There’s a blueprint we can use to organize information in our minds to better make sense of the world and more effectively shape our mental models. Through a mental fitness practice we can learn to: see the structures underneath confusion and chaos, identify connections and contributors to the web of causality, understand the causes that reinforce and cancel each other, and gain greater clarity as to whether our solution matches the complexity of the problem.
Gaining such skills uncovers our awareness of cognitive traps including but not limited to: reality bias, confirmation bias, negativity bias, anchoring bias, sunk cost fallacy… and that awareness better ensures we make choices that square-up with reality.
Asleep at the wheel: The voices in our head (2).
If we’re awake we’re listening to one of the voices inside our head. They talk constantly sharing over six thousand thoughts a day. Our brain weighs in whether called to or not and the information isn’t always what we need.
The voice that talks the most exists to protect us. It comes from our Amygdala where it appraises meaning, processes social signals and activates emotions. It downloads snapshots of established ways we’ve used information before, keeping us from exploring other possibilities, and casts shadows of prior learning on present experiences. It impacts how we perceive, feel and think in the present by constantly dropping past-informed, protective thoughts that disguise feelings as knowledge.
Alongside our Protector voice, whispering in the corner, lies our Observer voice. It’s consciously aware of our thoughts and comes from many different areas of the brain including our Pre-frontal Cortex, the source of our creative and intellectual activities. It knows what you genuinely think and want and what you’re really afraid of - it gives you that “inner sense of knowing,” where you can find a more accurate and deep, intuitive understanding of your thoughts.
Your Protector triggers emotions that regularly drive decisions. Your Observer knows that emotions are real, but not necessarily true. It wakes you out of autopilot and gives your authentic self a vote in what you’re choosing or doing.

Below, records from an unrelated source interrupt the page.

(* Consider the hybrid system $\mathcal H$ described in the context, and suppose Assumption 2 (stated in the context) holds. Let $\nu>0$. For each $i\in\{1,\dots,N\}$ select $\sigma_i^\star>0$ and $c_i^\star\ge 0$ with $\sigma_i^\star c_i^\star<1$, select $d_i>d_i^\star:=\frac{\sigma_i^\star}{1-\sigma_i^\star c_i^\star}$, and select $\varepsilon_i^\star>0$ such that $\sum_{i=1}^N(1+d_ic_i^\star)\varepsilon_i^\star\le\nu$. Define, for $q=(x,z,e,\eta)\in\mathcal Q$, $$U(q):=V(x,z)+\sum_{i=1}^N d_i\eta_i .$$ Then there exist $\underline{\alpha}_U,\overline{\alpha}_U\in\mathcal K_\infty$ such that for any choice of $\alpha_i\in\mathcal K_\infty$, $\sigma_i\in[0,\sigma_i^\star]$, $c_i\in[0,c_i^\star]$, $\varepsilon_i\in(0,\varepsilon_i^\star]$ and $b_i\in[0,1]$, $i\in\{1,\dots,N\}$, the following hold: (i) for all $q\in\mathcal Q$, $\underline{\alpha}_U(|(x-\psi(z),\eta)|)\le U(q)\le\overline{\alpha}_U(|(\psi^{-R}(x)-z,\eta)|)$; (ii) for all $q\in\mathcal C$ and all $w=(u,v)\in\mathcal W$, $$\langle\nabla U(q),F(q,w)\rangle\le-\alpha(V(x,z))-\sum_{i=1}^N\delta_i\alpha_i(\eta_i)+\nu+\theta(|v|),$$ where $\alpha,\theta$ are the functions from Assumption 2 and $\delta_i:=d_i-\sigma_i^\star(1+d_ic_i^\star)>0$; (iii) for all $q\in\mathcal D$ and all $\mathfrak g\in G(q)$, $U(\mathfrak g)\le U(q)$.
   Context: Notation: $\mathcal K_\infty$ is the class of continuous, strictly increasing, unbounded functions $\mathbb R_{\ge0}\to\mathbb R_{\ge0}$ vanishing at $0$; $|\cdot|$ is the Euclidean norm. For $S\subseteq\mathbb R^m$, $\mathcal L_S$ is the set of Lebesgue measurable, locally essentially bounded functions $\mathbb R_{\ge0}\to S$. Plant: $\dot x=f_p(x,u,v)$, $y=h(x)$, with $x\in\mathbb R^{n_x}$, input $u\in\mathcal L_{\mathcal U}$, disturbance $v\in\mathcal L_{\mathcal V}$, where $\mathcal U\subseteq\mathbb R^{n_u}$, $\mathcal V\subseteq\mathbb R^{n_v}$, $n_x,n_y\in\mathbb Z_{>0}$, $n_u,n_v\in\mathbb Z_{\ge0}$; $f_p$ is locally Lipschitz in $x$ and continuous in the other arguments, $h:\mathbb R^{n_x}\to\mathbb R^{n_y}$ is continuously differentiable. The output is split into $N\in\{1,\dots,n_y\}$ sensor nodes: $y=(y_1,\dots,y_N)=(h_1(x),\dots,h_N(x))$, $y_i\in\mathbb R^{n_{y_i}}$, $\sum_i n_{y_i}=n_y$. Observer data: $f_o:\mathbb R^{n_z}\times\mathbb R^{n_u}\times\mathbb R^{n_y}\times\mathbb R^{n_y}\to\mathbb R^{n_z}$ continuous ($n_z\ge n_x$), and $\psi:\mathbb R^{n_z}\to\mathbb R^{n_x}$ admitting a right inverse $\psi^{-R}$, i.e. $\psi(\psi^{-R}(x))=x$ for all $x$; the observer has access to $u$ at all times (Assumption 1). Assumption 2: there exist $\underline\alpha,\overline\alpha,\alpha,\gamma_1,\dots,\gamma_N,\theta\in\mathcal K_\infty$ and a continuously differentiable $V:\mathbb R^{n_x}\times\mathbb R^{n_z}\to\mathbb R_{\ge0}$ such that for all $x\in\mathbb R^{n_x}$, $z\in\mathbb R^{n_z}$, $u\in\mathcal U$, $v\in\mathcal V$, $e=(e_1,\dots,e_N)\in\mathbb R^{n_y}$ ($e_i\in\mathbb R^{n_{y_i}}$), $\hat y\in\mathbb R^{n_y}$: $\underline\alpha(|x-\psi(z)|)\le V(x,z)\le\overline\alpha(|\psi^{-R}(x)-z|)$ and $\langle\nabla V(x,z),(f_p(x,u,v),f_o(z,u,h(x)+e,\hat y))\rangle\le-\alpha(V(x,z))+\sum_{i=1}^N\gamma_i(|e_i|)+\theta(|v|)$. Hybrid system $\mathcal H$: for $i=1,\dots,N$ let $\alpha_i\in\mathcal K_\infty$, $c_i\ge0$, $b_i\in[0,1]$, $\sigma_i\ge0$, $\varepsilon_i>0$ be design functions/parameters, and $\gamma_i$ as in Assumption 2. State $q=(x,z,e,\eta)\in\mathcal Q:=\mathbb R^{n_x}\times\mathbb R^{n_z}\times\mathbb R^{n_y}\times\mathbb R^N_{\ge0}$, $e=(e_1,\dots,e_N)$, $\eta=(\eta_1,\dots,\eta_N)$; input $w=(u,v)\in\mathcal W:=\mathcal U\times\mathcal V$. Flow map $F(q,w):=\big(f_p(x,u,v),\,f_o(z,u,h(x)+e,h(\psi(z))),\,g_1(x,w),\dots,g_N(x,w),\,\ell_1(\eta_1,e_1),\dots,\ell_N(\eta_N,e_N)\big)$ with $g_i(x,u,v):=-\frac{\partial h_i(x)}{\partial x}f_p(x,u,v)$ and $\ell_i(\eta_i,e_i):=-\alpha_i(\eta_i)+c_i\gamma_i(|e_i|)$. Flow set $\mathcal C:=\bigcap_{i}\mathcal C_i$, $\mathcal C_i:=\{q\in\mathcal Q:\gamma_i(|e_i|)\le\sigma_i\alpha_i(\eta_i)+\varepsilon_i\}$; jump set $\mathcal D:=\bigcup_i\mathcal D_i$, $\mathcal D_i:=\{q\in\mathcal Q:\gamma_i(|e_i|)\ge\sigma_i\alpha_i(\eta_i)+\varepsilon_i\}$. Jump map $G(q):=\bigcup_iG_i(q)$ where $G_i(q)=\emptyset$ if $q\notin\mathcal D_i$ and, if $q\in\mathcal D_i$, $G_i(q)$ is the single point $(x,z,e',\eta')$ with $e'_i=0$, $e'_j=e_j$, $\eta'_i=b_i\eta_i$, $\eta'_j=\eta_j$ for $j\ne i$. The system is $\dot q=F(q,w)$ for $q\in\mathcal C$, $q^+\in G(q)$ for $q\in\mathcal D$. *)

theory Defs
  imports "HOL-Analysis.Analysis"
begin
lemma line_clusters_error_le:
  fixes Ys :: "pt set set" and w T r :: real
  assumes "is_line d l" "finite C" "C \<noteq> {}" "finite Ys"
    and Ys: "\<And>Y. Y \<in> Ys \<Longrightarrow> finite Y \<and> Y \<noteq> {} \<and> Y \<subseteq> l"
    and disjoint: "\<And>Y Y'. Y \<in> Ys \<Longrightarrow> Y' \<in> Ys \<Longrightarrow> Y \<noteq> Y' \<Longrightarrow> segI Y \<inter> segI Y' = {}"
    and threshold: "\<And>Y. Y \<in> Ys \<Longrightarrow> S \<inter> Y \<noteq> {} \<Longrightarrow> \<not> Y \<subseteq> S \<Longrightarrow> \<exists>z\<in>segI Y. \<exists>c\<in>C. edist d z c = r"
    and small: "\<And>Y. Y \<in> Ys \<Longrightarrow> seglen d (segI Y) \<le> w \<or> delta d Y \<le> T"
    and "0 \<le> w" "0 \<le> T"
  shows "(\<Sum>Y\<in>Ys. \<bar>\<Sum>x\<in>S \<inter> Y. distC d x C - distC d (mu Y) C\<bar>)
           \<le> (\<Sum>Y\<in>Ys. card (S \<inter> Y) * w) + 4 * card C * T"
proof -
  obtain a v where l: "l = range (line_point a v)" "0 < enorm d v"
    using assms(1) by (rule is_line_parametrization)
  define \<phi> where "\<phi> = line_point a v"
  define U where "U Y = \<phi> -` Y" for Y
  define SU where "SU Y = \<phi> -` (S \<inter> Y)" for Y
  have inj: "inj_on \<phi> A" for A unfolding \<phi>_def using inj_line_point[OF l(2)] by (rule inj_on_subset) simp
  have U: "\<phi> ` U Y = Y" "finite (U Y)" "U Y \<noteq> {}" "segI Y = \<phi> ` {Min (U Y)..Max (U Y)}"
    "mu Y = \<phi> (avg (U Y))" "delta d Y = enorm d v * (\<Sum>u\<in>U Y. \<bar>u - avg (U Y)\<bar>)"
    "enorm d v * (Max (U Y) - Min (U Y)) \<le> seglen d (segI Y)" if "Y \<in> Ys" for Y
    using line_cluster_parameters[OF l(2), of Y] Ys[OF that] l(1) unfolding U_def \<phi>_def by auto
  have SU: "S \<inter> Y = \<phi> ` SU Y" "SU Y \<subseteq> U Y" if "Y \<in> Ys" for Y
    using Ys[OF that] l(1) by (auto simp: SU_def U_def \<phi>_def image_vimage_eq)
  interpret lower_envelope C "\<lambda>c u. edist d (\<phi> u) c" "enorm d v"
    unfolding \<phi>_def by (rule lower_envelope_line[OF l(2) assms(2,3)])
  have cluster: "(\<Sum>x\<in>S \<inter> Y. distC d x C - distC d (mu Y) C) = (\<Sum>u\<in>SU Y. env u - env (avg (U Y)))"
    and card: "card (S \<inter> Y) = card (SU Y)" if "Y \<in> Ys" for Y
    unfolding SU(1)[OF that] U(5)[OF that] sum.reindex[OF inj] card_image[OF inj]
    by (simp_all add: env_def distC_def)
  have "(\<Sum>Y\<in>Ys. \<bar>\<Sum>u\<in>SU Y. env u - env (avg (U Y))\<bar>) \<le> (\<Sum>Y\<in>Ys. card (SU Y) * w) + 4 * card C * T"
  proof (rule envelope_error_le[where r = r])
    show "{Min (U Y)..Max (U Y)} \<inter> {Min (U Y')..Max (U Y')} = {}"
      if "Y \<in> Ys" "Y' \<in> Ys" "Y \<noteq> Y'" for Y Y'
      using disjoint[OF that] U(4)[OF that(1)] U(4)[OF that(2)] by blast
    show "\<exists>c\<in>C. \<exists>u\<in>{Min (U Y)..Max (U Y)}. edist d (\<phi> u) c = r"
      if Y: "Y \<in> Ys" and partial: "SU Y \<noteq> {}" "SU Y \<noteq> U Y" for Y
    proof -
      have "S \<inter> Y \<noteq> {}" "\<not> Y \<subseteq> S" using partial by (auto simp: SU_def U_def)
      then obtain z c where "z \<in> segI Y" "c \<in> C" "edist d z c = r" using threshold[OF Y] by blast
      then show ?thesis using U(4)[OF Y] by auto
    qed
    show "enorm d v * (Max (U Y) - Min (U Y)) \<le> w \<or> enorm d v * (\<Sum>u\<in>U Y. \<bar>u - avg (U Y)\<bar>) \<le> T"
      if "Y \<in> Ys" for Y
      using small[OF that] U(6,7)[OF that] by linarith
  qed (use assms(4) U SU \<open>0 \<le> w\<close> \<open>0 \<le> T\<close> in auto)
  then show ?thesis using cluster card by simp
qed

section \<open>Clusters on finitely many lines\<close>

lemma mset_set_UN_disjoint:
  assumes "finite A" "\<And>a. a \<in> A \<Longrightarrow> finite (B a)"
    and "\<And>a a'. a \<in> A \<Longrightarrow> a' \<in> A \<Longrightarrow> a \<noteq> a' \<Longrightarrow> B a \<inter> B a' = {}"
  shows "mset_set (\<Union>a\<in>A. B a) = (\<Sum>a\<in>A. mset_set (B a))"
  using assms
proof (induction A rule: finite_induct)
  case (insert x F)
  then have "mset_set (B x \<union> (\<Union>a\<in>F. B a)) = mset_set (B x) + mset_set (\<Union>a\<in>F. B a)"
    by (intro mset_set_Union) auto
  with insert show ?case by simp
qed simp

lemma image_mset_sum: "image_mset f (\<Sum>a\<in>A. M a) = (\<Sum>a\<in>A. image_mset f (M a))"
  by (induction A rule: infinite_finite_induct) auto

locale line_clustering =
  fixes d :: nat and X :: "pt set" and L :: "pt set set"
    and Xl :: "pt set \<Rightarrow> pt set" and Ys :: "pt set \<Rightarrow> pt set set"
  assumes finite_X: "finite X" and finite_L: "finite L"
    and lines: "\<And>l. l \<in> L \<Longrightarrow> is_line d l"
    and cover: "(\<Union>l\<in>L. Xl l) = X"
    and on_line: "\<And>l. l \<in> L \<Longrightarrow> Xl l \<subseteq> l"
    and lines_disjoint: "\<And>l l'. l \<in> L \<Longrightarrow> l' \<in> L \<Longrightarrow> l \<noteq> l' \<Longrightarrow> Xl l \<inter> Xl l' = {}"
    and clusters_cover: "\<And>l. l \<in> L \<Longrightarrow> \<Union>(Ys l) = Xl l"
    and clusters_nonempty: "\<And>l Y. l \<in> L \<Longrightarrow> Y \<in> Ys l \<Longrightarrow> Y \<noteq> {}"
    and segments_disjoint: "\<And>l Y Y'. l \<in> L \<Longrightarrow> Y \<in> Ys l \<Longrightarrow> Y' \<in> Ys l \<Longrightarrow> Y \<noteq> Y' \<Longrightarrow>
                             segI Y \<inter> segI Y' = {}"
begin

lemma finite_Xl: "l \<in> L \<Longrightarrow> finite (Xl l)"
  using finite_subset[OF _ finite_X] cover by blast

lemma cluster_subset: "l \<in> L \<Longrightarrow> Y \<in> Ys l \<Longrightarrow> Y \<subseteq> Xl l"
  using clusters_cover by blast

lemma finite_cluster: "l \<in> L \<Longrightarrow> Y \<in> Ys l \<Longrightarrow> finite Y"
  using finite_subset[OF cluster_subset finite_Xl] .

lemma finite_Ys: "l \<in> L \<Longrightarrow> finite (Ys l)"
proof -
  assume "l \<in> L"
  then have "Ys l \<subseteq> Pow (Xl l)" using cluster_subset by blast
  then show ?thesis using finite_Xl[OF \<open>l \<in> L\<close>] by (simp add: finite_subset)
qed

lemma clusters_disjoint:
  "l \<in> L \<Longrightarrow> Y \<in> Ys l \<Longrightarrow> Y' \<in> Ys l \<Longrightarrow> Y \<noteq> Y' \<Longrightarrow> Y \<inter> Y' = {}"
  using segments_disjoint[of l Y Y'] subset_segI[of Y] subset_segI[of Y'] by blast

definition cluster :: "pt \<Rightarrow> pt set" where
  "cluster x = (THE Y. \<exists>l\<in>L. Y \<in> Ys l \<and> x \<in> Y)"

lemma cluster_eq:
  assumes "l \<in> L" "Y \<in> Ys l" "x \<in> Y"
  shows "cluster x = Y"
  unfolding cluster_def
proof (rule the_equality)
  fix Y' assume "\<exists>l'\<in>L. Y' \<in> Ys l' \<and> x \<in> Y'"
  then obtain l' where l': "l' \<in> L" "Y' \<in> Ys l'" "x \<in> Y'" by blast
  have "x \<in> Xl l'" "x \<in> Xl l"
    using cluster_subset[OF l'(1,2)] l'(3) cluster_subset[OF assms(1,2)] assms(3) by blast+
  then have "l' = l" using lines_disjoint[OF l'(1) assms(1)] by blast
  then show "Y' = Y" using clusters_disjoint[OF assms(1) l'(2)[unfolded \<open>l' = l\<close>] assms(2)] l'(3) assms(3)
    by blast
qed (use assms in blast)

lemma sum_over_clusters:
  assumes "S \<subseteq> X"
  shows "(\<Sum>x\<in>S. f x) = (\<Sum>l\<in>L. \<Sum>Y\<in>Ys l. \<Sum>x\<in>S \<inter> Y. f x)"
proof -
  have "finite S" using assms finite_X finite_subset by blast
  have "S = (\<Union>l\<in>L. S \<inter> Xl l)" using assms cover by blast
  then have "(\<Sum>x\<in>S. f x) = (\<Sum>l\<in>L. \<Sum>x\<in>S \<inter> Xl l. f x)"
    using sum.UNION_disjoint[OF finite_L, of "\<lambda>l. S \<inter> Xl l" f] \<open>finite S\<close> lines_disjoint by auto
  also have "\<dots> = (\<Sum>l\<in>L. \<Sum>Y\<in>Ys l. \<Sum>x\<in>S \<inter> Y. f x)"
  proof (rule sum.cong[OF refl])
    fix l assume l: "l \<in> L"
    have "S \<inter> Xl l = (\<Union>Y\<in>Ys l. S \<inter> Y)" using clusters_cover[OF l] by blast
    then show "(\<Sum>x\<in>S \<inter> Xl l. f x) = (\<Sum>Y\<in>Ys l. \<Sum>x\<in>S \<inter> Y. f x)"
      using sum.UNION_disjoint[OF finite_Ys[OF l], of "\<lambda>Y. S \<inter> Y" f] \<open>finite S\<close>
        clusters_disjoint[OF l] by auto
  qed
  finally show ?thesis .
qed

Through an Embodied Self Awareness practice, we can learn to pause, listen and weigh what our voices say... and then construct our thoughts before acting on them.
Who Do I Want To Be? Creating our Identity (3)
We create identity throughout our lives and it’s malleable. We decide who we are through the stories we tell ourselves and how we interact with others, which determines how we decide to show up every day. We’ve each created our own, “Me Brochure,” in our mind, and default to it when we make decisions. We can construct an identity of self-limitation or possibility… it’s our choice.
We’ll utilize the Me Brochure Assessment to gather data and learn how we choose who we are and how it influences our decisions. We’ll factor in the iEQ9 Integrative Enneagram and analyze, question and reshape our identities by asking ourselves if our chosen identity components serves us and others.
We can shift from “Me” to “We” thinking by moving from a constructed identity that’s centered on the self as limited to the boundaries of our body, to one that includes the sense of being a member of a larger whole.
Why “Me” to “We” thinking? First, the most effective cultures arise when people want to belong to them - where they know their contributions matter - cultures focused on the general well-being of everyone.
Secondly, we’re pre-wired for “We” or relational thinking:
Definition of The Mind (verb) by Daniel J. Siegel MD:
An embodied and relational process that regulates the flow of energy and information. It can be viewed as an emergent process that arises in the form of self-experience (subjectivity), and self-organization (regulation) as energy and information flow within and between people.
Let's talk about you and your team:
- Developing an innate systems thinking process of mentally organizing information to solve problems and adapt to complexity
- Intentionally managing, directing and constructing your thoughts
- Moving from a constructed self-centered identity to one that includes the sense of belonging to a larger whole - shift from “Me” to “We” thinking… resulting in greater, authentic engagement

- Learning to intentionally manage our systems thinking processes by building the skills needed to instinctually organize information, recognize and adapt to complexity and solve problems.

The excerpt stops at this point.